Terminology Differences
Section titled “Terminology Differences”| Concept | RocksDB/LevelDB | Cassandra | HBase |
|---|---|---|---|
| Durability log | WAL | Commit Log | WAL |
| In-memory buffer | Memtable | Memtable | MemStore |
| Disk file | SSTable | SSTable | HFile |
Summary
Section titled “Summary”An LSM Tree is a write-optimized storage architecture where:
- Writes go to a WAL for durability
- Then to a Memtable in memory (sorted)
- Memtable flushes to immutable, sorted SSTables on disk
- Multiple SSTables are merged through compaction
- Reads are optimized using Bloom filters and sparse indexes
One-line summary: LSM Trees convert random writes into sequential writes, then use compaction and indexing to make reads efficient later.

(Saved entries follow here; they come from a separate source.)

lemma Times_small: "|A| <o k \<Longrightarrow> |B| <o k \<Longrightarrow> |A \<times> B| <o k"
proof -
  assume "|A| <o k" "|B| <o k"
  then have "|\<Union>a\<in>A. Pair a ` B| <o k"
    by (intro UN_small image_small)
  moreover have "A \<times> B = (\<Union>a\<in>A. Pair a ` B)"
    by blast
  ultimately show ?thesis
    by simp
qed

lemma stage_refl: "a \<in> Field k \<Longrightarrow> (a, a) \<in> k"
  using wo_rel.REFL[OF wo_rel] unfolding refl_on_def by blast

lemma stage_less_trans: "stage_less k a b \<Longrightarrow> stage_less k b c \<Longrightarrow> stage_less k a c"
  unfolding stage_less_def using Card_order_trans[OF Card_order] by blast

lemma stage_less_Field: "stage_less k a b \<Longrightarrow> a \<in> Field k"
  unfolding stage_less_def by (auto simp: Field_def)

lemma stage_less_cases:
  "a \<in> Field k \<Longrightarrow> b \<in> Field k \<Longrightarrow> a = b \<or> stage_less k a b \<or> stage_less k b a"
  unfolding stage_less_def using wo_rel.TOTALS[OF wo_rel] by blast

lemma stage_less_succ: "a \<in> Field k \<Longrightarrow> \<exists>b\<in>Field k. stage_less k a b"
  unfolding stage_less_def using Cinfinite_limit[OF _ Cinfinite] by blast

lemma stage_less_succ2:
  "a \<in> Field k \<Longrightarrow> b \<in> Field k \<Longrightarrow> \<exists>c\<in>Field k. stage_less k a c \<and> stage_less k b c"
  unfolding stage_less_def using Cinfinite_limit2[OF _ _ Cinfinite] by blast

lemma small_bounded:
  assumes "K \<subseteq> Field k" and "|K| <o k"
  obtains \<gamma> where "\<gamma> \<in> Field k" and "\<And>\<beta>. \<beta> \<in> K \<Longrightarrow> stage_less k \<beta> \<gamma>"
proof -
  have "\<not> cofinal K k"
    using assms regular not_ordLess_ordIso unfolding regularCard_def by blast
  then obtain \<alpha> where \<alpha>: "\<alpha> \<in> Field k" and not_above: "\<And>\<beta>. \<beta> \<in> K \<Longrightarrow> \<not> stage_less k \<alpha> \<beta>"
    unfolding cofinal_def stage_less_def by blast
  obtain \<gamma> where "\<gamma> \<in> Field k" and "stage_less k \<alpha> \<gamma>"
    using stage_less_succ[OF \<alpha>] by blast
  moreover have "stage_less k \<beta> \<gamma>" if "\<beta> \<in> K" for \<beta>
    using stage_less_cases[of \<beta> \<alpha>] not_above[OF that] that assms(1) \<alpha> \<open>stage_less k \<alpha> \<gamma>\<close>
      stage_less_trans by blast
  ultimately show ?thesis
    using that by blast
qed

lemma stage_small: "a \<in> Field k \<Longrightarrow> |{\<nu>. stage_less k \<nu> a}| <o k"
  using card_of_underS[OF Card_order] unfolding underS_def stage_less_def
  by (metis (no_types, lifting) Collect_cong)

lemma stage_induct [consumes 1, case_names step]:
  assumes "\<alpha> \<in> Field k"
    and "\<And>\<alpha>. \<alpha> \<in> Field k \<Longrightarrow> (\<And>\<nu>. stage_less k \<nu> \<alpha> \<Longrightarrow> P \<nu>) \<Longrightarrow> P \<alpha>"
  shows "P \<alpha>"
proof -
  have "\<alpha> \<in> Field k \<longrightarrow> P \<alpha>"
  proof (induction rule: wo_rel.well_order_induct[OF wo_rel])
    case (1 \<alpha>)
    then show ?case
      using assms(2) stage_less_Field unfolding stage_less_def by blast
  qed
  with assms(1) show ?thesis
    by blast
qed

lemma stage_minimal:
  assumes "\<alpha> \<in> Field k" and "\<not> P \<alpha>"
  obtains \<mu> where "\<mu> \<in> Field k" and "\<not> P \<mu>" and "\<And>\<nu>. stage_less k \<nu> \<mu> \<Longrightarrow> P \<nu>"
proof (rule ccontr)
  assume "\<not> thesis"
  with that have "\<And>\<mu>. \<mu> \<in> Field k \<Longrightarrow> (\<And>\<nu>. stage_less k \<nu> \<mu> \<Longrightarrow> P \<nu>) \<Longrightarrow> P \<mu>"
    by blast
  with assms show False
    using stage_induct[of \<alpha> P] by blast
qed

lemma bterms_depth_small: "|S| <o k \<Longrightarrow> |bterms_depth S n| <o k"
proof (induction n)
  case 0
  then show ?case
    using Un_small[OF image_small finite_small[of "{BBot, BTop}"]] by simp
next
  case (Suc n)
  then have "|bterms_depth S n| <o k" "|bterms_depth S n \<times> bterms_depth S n| <o k"
    using Times_small by blast+
  then show ?case
    by (simp add: Un_small image_small)
qed

lemma bterms_small:
  assumes "|S| <o k"
  shows "|{p. bvars p \<subseteq> S}| <o k"
proof (rule subset_small)
  show "|\<Union>n. bterms_depth S n| <o k"
    using assms by (intro countable_UN_small bterms_depth_small)
  show "{p. bvars p \<subseteq> S} \<subseteq> (\<Union>n. bterms_depth S n)"
    using bterm_in_bterms_depth by blast
qed

end

definition legal_before :: "'k rel \<Rightarrow> 'b set \<Rightarrow> ('k \<Rightarrow> 'b set) \<Rightarrow> ('k \<Rightarrow> 'b set) \<Rightarrow> 'k \<Rightarrow> bool" where
  "legal_before k A xs ys \<alpha> \<longleftrightarrow>
     (\<forall>\<nu>. stage_less k \<nu> \<alpha> \<longrightarrow> legal_I k A xs ys \<nu> \<and> legal_II k A xs ys \<nu>)"

definition legal_play :: "'k rel \<Rightarrow> 'b set \<Rightarrow> ('k \<Rightarrow> 'b set) \<Rightarrow> ('k \<Rightarrow> 'b set) \<Rightarrow> bool" where
  "legal_play k A xs ys \<longleftrightarrow> (\<forall>\<alpha>\<in>Field k. legal_I k A xs ys \<alpha> \<and> legal_II k A xs ys \<alpha>)"

lemma player_I_wins_iff:
  "player_I_wins k le A xs ys \<longleftrightarrow>
     (\<exists>\<alpha>\<in>Field k. legal_before k A xs ys \<alpha> \<and> legal_I k A xs ys \<alpha> \<and> \<not> legal_II k A xs ys \<alpha>)
     \<or> (legal_play k A xs ys \<and> \<not> kappa_sub k le (\<Union>\<alpha>\<in>Field k. xs \<alpha>) A)"
  unfolding player_I_wins_def legal_before_def legal_play_def ..

lemma legal_II_if_not_player_I_wins:
  "\<not> player_I_wins k le A xs ys \<Longrightarrow> \<alpha> \<in> Field k \<Longrightarrow> legal_before k A xs ys \<alpha> \<Longrightarrow>
    legal_I k A xs ys \<alpha> \<Longrightarrow> legal_II k A xs ys \<alpha>"
  unfolding player_I_wins_iff by blast

lemma player_I_wins_iff_if_II_legal:
  assumes "\<And>\<alpha>. \<alpha> \<in> Field k \<Longrightarrow> legal_before k A xs ys \<alpha> \<Longrightarrow> legal_I k A xs ys \<alpha> \<Longrightarrow>
      legal_II k A xs ys \<alpha>"
  shows "player_I_wins k le A xs ys \<longleftrightarrow>
    legal_play k A xs ys \<and> \<not> kappa_sub k le (\<Union>\<alpha>\<in>Field k. xs \<alpha>) A"
  unfolding player_I_wins_iff using assms by blast

lemma player_I_wins_legal_play_iff:
  "legal_play k A xs ys \<Longrightarrow>
    player_I_wins k le A xs ys \<longleftrightarrow> \<not> kappa_sub k le (\<Union>\<alpha>\<in>Field k. xs \<alpha>) A"
  unfolding player_I_wins_iff legal_play_def by blast

context regular_uncountable_card
begin

lemma legal_I_if_player_I_wins:
  assumes "player_I_wins k le A xs ys" and "\<alpha> \<in> Field k" and "legal_before k A xs ys \<alpha>"
  shows "legal_I k A xs ys \<alpha>"
  using assms stage_less_cases unfolding player_I_wins_iff legal_before_def legal_play_def
  by metis

lemma player_I_wins_iff_if_I_legal:
  assumes "\<And>\<alpha>. \<alpha> \<in> Field k \<Longrightarrow> legal_before k A xs ys \<alpha> \<Longrightarrow> legal_I k A xs ys \<alpha>"
  shows "player_I_wins k le A xs ys \<longleftrightarrow>
    \<not> (legal_play k A xs ys \<and> kappa_sub k le (\<Union>\<alpha>\<in>Field k. xs \<alpha>) A)"
proof (cases "legal_play k A xs ys")
  case False
  then obtain \<alpha> where "\<alpha> \<in> Field k" "\<not> (legal_I k A xs ys \<alpha> \<and> legal_II k A xs ys \<alpha>)"
    unfolding legal_play_def by blast
  then obtain \<mu> where "\<mu> \<in> Field k" "\<not> (legal_I k A xs ys \<mu> \<and> legal_II k A xs ys \<mu>)"
    and "legal_before k A xs ys \<mu>"
    unfolding legal_before_def by (rule stage_minimal) blast
  with assms False show ?thesis
    unfolding player_I_wins_iff by blast
qed (auto simp: player_I_wins_iff legal_play_def)

lemma legal_play_chains:
  assumes "legal_play k A xs ys"
  shows "relChain k xs" and "relChain k ys"
  using assms unfolding legal_play_def relChain_def legal_I_def legal_II_def stage_less_def
  by (metis FieldI1 FieldI2 subset_trans order_refl)+

lemma legal_play_Union_eq:
  assumes "legal_play k A xs ys"
  shows "(\<Union>\<alpha>\<in>Field k. ys \<alpha>) = (\<Union>\<alpha>\<in>Field k. xs \<alpha>)"
proof (intro equalityI UN_least)
  fix \<alpha> assume "\<alpha> \<in> Field k"
  then obtain \<beta> where "\<beta> \<in> Field k" "stage_less k \<alpha> \<beta>"
    using stage_less_succ by blast
  then show "ys \<alpha> \<subseteq> (\<Union>\<alpha>\<in>Field k. xs \<alpha>)"
    using assms unfolding legal_play_def legal_I_def by blast
next
  fix \<alpha> assume "\<alpha> \<in> Field k"
  then show "xs \<alpha> \<subseteq> (\<Union>\<alpha>\<in>Field k. ys \<alpha>)"
    using assms unfolding legal_play_def legal_II_def by blast
qed

end

section \<open>Monotone valuations and interpolation\<close>

locale tree_order =
  fixes T :: "'a set" and lt :: "'a \<Rightarrow> 'a \<Rightarrow> bool"
  assumes tree: "is_tree T lt"
begin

| Aspect | Advantage | Trade-off |
|---|---|---|
| Writes | Sequential, very fast | Compaction overhead |
| Reads | Bloom filters skip files | May check multiple levels |
| Space | Compaction reclaims | Temporary duplication |
| Deletes | Immediate logical delete | Physical cleanup delayed |
Final Intuition
- WAL = safety logbook
- Memtable = active working desk
- SSTables = organized filing cabinets
- Compaction = background cleanup and reorganization
New data arrives quickly, gets stored safely, and is organized later without slowing down the write path.